| name | pop-routine-measure |
| description | Display routine measurement dashboard with metrics, costs, trends, and visualization |
| invocation_pattern | /popkit:routine (morning|nightly) --measure|show routine measurements|routine performance|routine metrics dashboard |
| tier | 1 |
| version | 1.1.0 |
Routine Measurement Dashboard
Tracks, visualizes, and reports context window usage, execution duration, tool call breakdown, and cost estimates during routine execution.
When to Use
Primary Use Cases:
- Auto-Measurement: Invoked AUTOMATICALLY when user includes
--measureflag in/popkit:routinecommands - Dashboard Display: Invoked when user requests viewing existing measurements
- Trend Analysis: Invoked when comparing measurements across multiple runs
# Auto-measurement during routine execution
/popkit:routine morning --measure
/popkit:routine morning run p-1 --measure
/popkit:routine nightly --measure
# Viewing existing measurements
show routine measurements
show measurements for morning routine
routine performance dashboard
How It Works
- Detect Flag: Parse command for
--measureflag - Start Tracking: Enable measurement via environment variable
- Initialize Tracker: Start
RoutineMeasurementTracker - Execute Routine: Run the routine normally (pk, p-1, etc.)
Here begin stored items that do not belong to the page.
lemma index_code_repeat:
  assumes "index_code S A t r"
  shows "index_code S A (\<lambda>i. m * t i) (m * r)"
proof -
  from assms obtain phi :: "(nat \<Rightarrow> bool list) \<Rightarrow> bool list"
    and psi :: "nat \<Rightarrow> bool list \<Rightarrow> (nat \<Rightarrow> bool list) \<Rightarrow> bool list"
    where code: "\<forall>x\<in>msgs S t. length (phi x) = r \<and>
      (\<forall>j\<in>S. psi j (phi x) (restr x (A j \<inter> S)) = x j)"
    unfolding index_code_def by blast
  define phi' where "phi' x = concat (map (\<lambda>c. phi (chunk c t x)) [0..<m])" for x
  define psi' where
    "psi' j w y = concat (map (\<lambda>c. psi j (take r (drop (c * r) w)) (chunk c t y)) [0..<m])"
    for j w y
  show ?thesis
    unfolding index_code_def
  proof (intro exI ballI conjI)
    fix x assume x: "x \<in> msgs S (\<lambda>i. m * t i)"
    have chunks: "chunk c t x \<in> msgs S t" if "c < m" for c
      using chunk_in_msgs[OF x that] .
    have lens: "length (phi (chunk c t x)) = r" if "c < m" for c
      using code chunks[OF that] by blast
    then have "map (\<lambda>c. length (phi (chunk c t x))) [0..<m] = map (\<lambda>_. r) [0..<m]"
      by simp
    then show "length (phi' x) = m * r"
      unfolding phi'_def length_concat map_map o_def by (simp only: sum_list_triv) simp
    fix j assume j: "j \<in> S"
    have "psi' j (phi' x) (restr x (A j \<inter> S))
        = concat (map (\<lambda>c. psi j (phi (chunk c t x)) (restr (chunk c t x) (A j \<inter> S))) [0..<m])"
      unfolding psi'_def phi'_def
      using take_drop_concat_blocks[of m "\<lambda>c. phi (chunk c t x)" r] lens
      by (auto simp: chunk_restr intro!: arg_cong[where f = concat] map_cong)
    also have "\<dots> = concat (map (\<lambda>c. take (t j) (drop (c * t j) (x j))) [0..<m])"
      using code chunks j by (auto simp: chunk_def intro!: arg_cong[where f = concat] map_cong)
    also have "\<dots> = x j"
      using concat_take_drop_blocks[of m "t j" "x j"] x j by (simp add: msgs_def)
    finally show "psi' j (phi' x) (restr x (A j \<inter> S)) = x j" .
  qed
qed

lemma index_code_restrict:
  assumes "index_code S A t r" and "S' \<subseteq> S"
  shows "index_code S' A t r"
proof -
  from assms(1) obtain phi :: "(nat \<Rightarrow> bool list) \<Rightarrow> bool list"
    and psi :: "nat \<Rightarrow> bool list \<Rightarrow> (nat \<Rightarrow> bool list) \<Rightarrow> bool list"
    where code: "\<forall>x\<in>msgs S t. length (phi x) = r \<and>
      (\<forall>j\<in>S. psi j (phi x) (restr x (A j \<inter> S)) = x j)"
    unfolding index_code_def by blast
  define pad where
    "pad B x = (\<lambda>k. if k \<in> B then if k \<in> S' then x k else replicate (t k) False else [])"
    for B and x :: "nat \<Rightarrow> bool list"
  show ?thesis
    unfolding index_code_def
  proof (intro exI ballI conjI)
    fix x assume x: "x \<in> msgs S' t"
    then have padded: "pad S x \<in> msgs S t"
      using assms(2) by (auto simp: msgs_def pad_def)
    then show "length (phi (pad S x)) = r"
      using code by blast
    fix j assume j: "j \<in> S'"
    have "pad (A j \<inter> S) (restr x (A j \<inter> S')) = restr (pad S x) (A j \<inter> S)"
      by (auto simp: pad_def restr_def)
    then show "(\<lambda>w y. psi j w (pad (A j \<inter> S) y)) (phi (pad S x)) (restr x (A j \<inter> S')) = x j"
      using code padded j assms(2) by (auto simp: pad_def)
  qed
qed

lemma xor_cancel_right: "length a = length b \<Longrightarrow> map2 (\<noteq>) (map2 (\<noteq>) a b) b = (a :: bool list)"
  by (induction a b rule: list_induct2) auto

lemma xor_cancel_left: "length a = length b \<Longrightarrow> map2 (\<noteq>) (map2 (\<noteq>) a b) a = (b :: bool list)"
  by (induction a b rule: list_induct2) auto

lemma index_code_xor:
  assumes code1: "index_code S1 A t1 r" and code2: "index_code S2 A t2 r"
    and disj: "S1 \<inter> S2 = {}"
    and edges12: "\<forall>j\<in>S1. S2 \<subseteq> A j" and edges21: "\<forall>j\<in>S2. S1 \<subseteq> A j"
  shows "index_code (S1 \<union> S2) A (\<lambda>i. if i \<in> S1 then t1 i else t2 i) r"
proof -
  from code1 obtain phi1 :: "(nat \<Rightarrow> bool list) \<Rightarrow> bool list"
    and psi1 :: "nat \<Rightarrow> bool list \<Rightarrow> (nat \<Rightarrow> bool list) \<Rightarrow> bool list"
    where P1: "\<forall>x\<in>msgs S1 t1. length (phi1 x) = r \<and>
      (\<forall>j\<in>S1. psi1 j (phi1 x) (restr x (A j \<inter> S1)) = x j)"
    unfolding index_code_def by blast
  from code2 obtain phi2 :: "(nat \<Rightarrow> bool list) \<Rightarrow> bool list"
    and psi2 :: "nat \<Rightarrow> bool list \<Rightarrow> (nat \<Rightarrow> bool list) \<Rightarrow> bool list"
    where P2: "\<forall>x\<in>msgs S2 t2. length (phi2 x) = r \<and>
      (\<forall>j\<in>S2. psi2 j (phi2 x) (restr x (A j \<inter> S2)) = x j)"
    unfolding index_code_def by blast
  let ?S = "S1 \<union> S2"
  define phi where "phi x = map2 (\<noteq>) (phi1 (restr x S1)) (phi2 (restr x S2))" for x
  define psi where
    "psi j w y = (if j \<in> S1 then psi1 j (map2 (\<noteq>) w (phi2 (restr y S2))) (restr y S1)
       else psi2 j (map2 (\<noteq>) w (phi1 (restr y S1))) (restr y S2))" for j w y
  show ?thesis
    unfolding index_code_def
  proof (intro exI ballI conjI)
    fix x assume x: "x \<in> msgs ?S (\<lambda>i. if i \<in> S1 then t1 i else t2 i)"
    have x1: "restr x S1 \<in> msgs S1 t1" and x2: "restr x S2 \<in> msgs S2 t2"
      using x disj by (auto simp: msgs_def restr_def)
    have len1: "length (phi1 (restr x S1)) = r" and len2: "length (phi2 (restr x S2)) = r"
      using P1 x1 P2 x2 by blast+
    then show "length (phi x) = r"
      by (simp add: phi_def)
    fix j assume j: "j \<in> ?S"
    show "psi j (phi x) (restr x (A j \<inter> ?S)) = x j"
    proof (cases "j \<in> S1")
      case True
      have "restr (restr x (A j \<inter> ?S)) S2 = restr x S2"
        using edges12 True by (auto simp: restr_def fun_eq_iff)
      moreover have "restr (restr x (A j \<inter> ?S)) S1 = restr (restr x S1) (A j \<inter> S1)"
        by (auto simp: restr_def)
      ultimately have "psi j (phi x) (restr x (A j \<inter> ?S))
          = psi1 j (phi1 (restr x S1)) (restr (restr x S1) (A j \<inter> S1))"
        using True xor_cancel_right[OF len1[folded len2]] by (simp add: psi_def phi_def)
      also have "\<dots> = x j"
        using P1 x1 True by (simp add: restr_def)
      finally show ?thesis .
    next
      case False
      with j have "j \<in> S2" by blast
      have "restr (restr x (A j \<inter> ?S)) S1 = restr x S1"
        using edges21 \<open>j \<in> S2\<close> by (auto simp: restr_def fun_eq_iff)
      moreover have "restr (restr x (A j \<inter> ?S)) S2 = restr (restr x S2) (A j \<inter> S2)"
        by (auto simp: restr_def)
      ultimately have "psi j (phi x) (restr x (A j \<inter> ?S))
          = psi2 j (phi2 (restr x S2)) (restr (restr x S2) (A j \<inter> S2))"
        using False xor_cancel_left[OF len1[folded len2]] by (simp add: psi_def phi_def)
      also have "\<dots> = x j"
        using P2 x2 \<open>j \<in> S2\<close> by (simp add: restr_def)
      finally show ?thesis .
    qed
  qed
qed

lemma achievable_restrict:
  assumes "achievable S A R" and "S' \<subseteq> S"
  shows "achievable S' A (\<lambda>j. if j \<in> S' then R j else 0)"
  using assms index_code_restrict unfolding achievable_def by (smt (verit) subsetD)

lemma achievable_union:
  assumes ach1: "achievable S1 A R1" and ach2: "achievable S2 A R2"
    and disj: "S1 \<inter> S2 = {}"
    and edges12: "\<forall>j\<in>S1. S2 \<subseteq> A j" and edges21: "\<forall>j\<in>S2. S1 \<subseteq> A j"
  shows "achievable (S1 \<union> S2) A (\<lambda>j. if j \<in> S1 then R1 j else R2 j)"
proof -
  from ach1 obtain t1 r1 where
    r1: "r1 > 0" and code1: "index_code S1 A t1 r1" and rate1: "\<forall>j\<in>S1. R1 j \<le> t1 j / r1"
    unfolding achievable_def by blast
  from ach2 obtain t2 r2 where
    r2: "r2 > 0" and code2: "index_code S2 A t2 r2" and rate2: "\<forall>j\<in>S2. R2 j \<le> t2 j / r2"
    unfolding achievable_def by blast
  let ?t = "\<lambda>i. if i \<in> S1 then r2 * t1 i else r1 * t2 i"
  have "index_code S1 A (\<lambda>i. r2 * t1 i) (r1 * r2)"
    using index_code_repeat[OF code1, of r2] by (simp add: mult.commute)
  then have code: "index_code (S1 \<union> S2) A ?t (r1 * r2)"
    using index_code_xor index_code_repeat[OF code2] disj edges12 edges21 by blast
  have "(if j \<in> S1 then R1 j else R2 j) \<le> ?t j / real (r1 * r2)" if "j \<in> S1 \<union> S2" for j
    using that rate1 rate2 r1 r2 by auto
  with code r1 r2 ach1 ach2 show ?thesis
    unfolding achievable_def by (intro conjI exI[of _ ?t] exI[of _ "r1 * r2"]) auto
qed

lemma capacity_vanishes_outside: "capacity S A \<subseteq> {R. \<forall>j. j \<notin> S \<longrightarrow> R j = 0}"
proof -
  have "closed {R :: nat \<Rightarrow> real. R j = 0}" for j
    by (rule closed_Collect_eq) simp_all
  then have "closed (\<Inter>j\<in>-S. {R :: nat \<Rightarrow> real. R j = 0})"
    by (intro closed_INT) blast
  moreover have "(\<Inter>j\<in>-S. {R. R j = 0}) = {R :: nat \<Rightarrow> real. \<forall>j. j \<notin> S \<longrightarrow> R j = 0}"
    by auto
  ultimately have vanishing_closed: "closed {R :: nat \<Rightarrow> real. \<forall>j. j \<notin> S \<longrightarrow> R j = 0}"
    by simp
  show ?thesis
    unfolding capacity_def
    by (rule closure_minimal[OF _ vanishing_closed]) (auto simp: achievable_def)
qed

lemma continuous_image_closure_subset_closure:
  assumes "continuous_on UNIV f" and "f ` X \<subseteq> closure Y"
  shows "f ` closure X \<subseteq> closure Y"
  using assms by (intro image_closure_subset) (auto intro: continuous_on_subset)

lemma capacity_restrict:
  assumes "R \<in> capacity S A" and "S' \<subseteq> S"
  shows "(\<lambda>j. if j \<in> S' then R j else 0) \<in> capacity S' A"
proof -
  let ?f = "\<lambda>(R :: nat \<Rightarrow> real) j. if j \<in> S' then R j else 0"
  have "continuous_on UNIV ?f"
  proof (intro continuous_on_coordinatewise_then_product)
    show "continuous_on UNIV (\<lambda>R :: nat \<Rightarrow> real. if j \<in> S' then R j else 0)" for j
      by (cases "j \<in> S'") simp_all
  qed
  moreover have "?f ` {R. achievable S A R} \<subseteq> closure {R. achievable S' A R}"
    using achievable_restrict[OF _ assms(2)] by (auto intro: closure_subset[THEN subsetD])
  ultimately have "?f ` capacity S A \<subseteq> capacity S' A"
    unfolding capacity_def by (rule continuous_image_closure_subset_closure)
  with assms(1) show ?thesis
    by (simp add: image_subset_iff)
qed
- Stop Tracking: Collect measurement data
- Format Report: Display detailed breakdown
- Save Data: Store JSON for analysis
Implementation Pattern
import os
import sys
sys.path.insert(0, "packages/plugin/hooks/utils")
from routine_measurement import (
RoutineMeasurementTracker,
enable_measurement,
disable_measurement,
format_measurement_report,
save_measurement
)
# 1. Enable measurement mode
enable_measurement()
# 2. Start tracker
tracker = RoutineMeasurementTracker()
tracker.start(routine_id="p-1", routine_name="PopKit Full Validation")
# 3. Execute routine
# Use Skill tool to invoke the actual routine
# Example: Skill(skill="pop-morning-routine", args="--routine p-1")
# 4. Stop tracker and get measurement
measurement = tracker.stop()
# 5. Disable measurement mode
disable_measurement()
# 6. Display report
if measurement:
report = format_measurement_report(measurement)
print(report)
# Save measurement data
saved_path = save_measurement(measurement)
print(f"\nMeasurement data saved to: {saved_path}")
Tool Call Tracking
The post-tool-use.py hook automatically tracks tool calls when POPKIT_ROUTINE_MEASURE=true:
- Tracked Tools: All tools (Bash, Read, Grep, Write, Edit, Skill, etc.)
- Token Estimation: ~4 chars per token (rough approximation)
- Input/Output Split: 20% input, 80% output (heuristic)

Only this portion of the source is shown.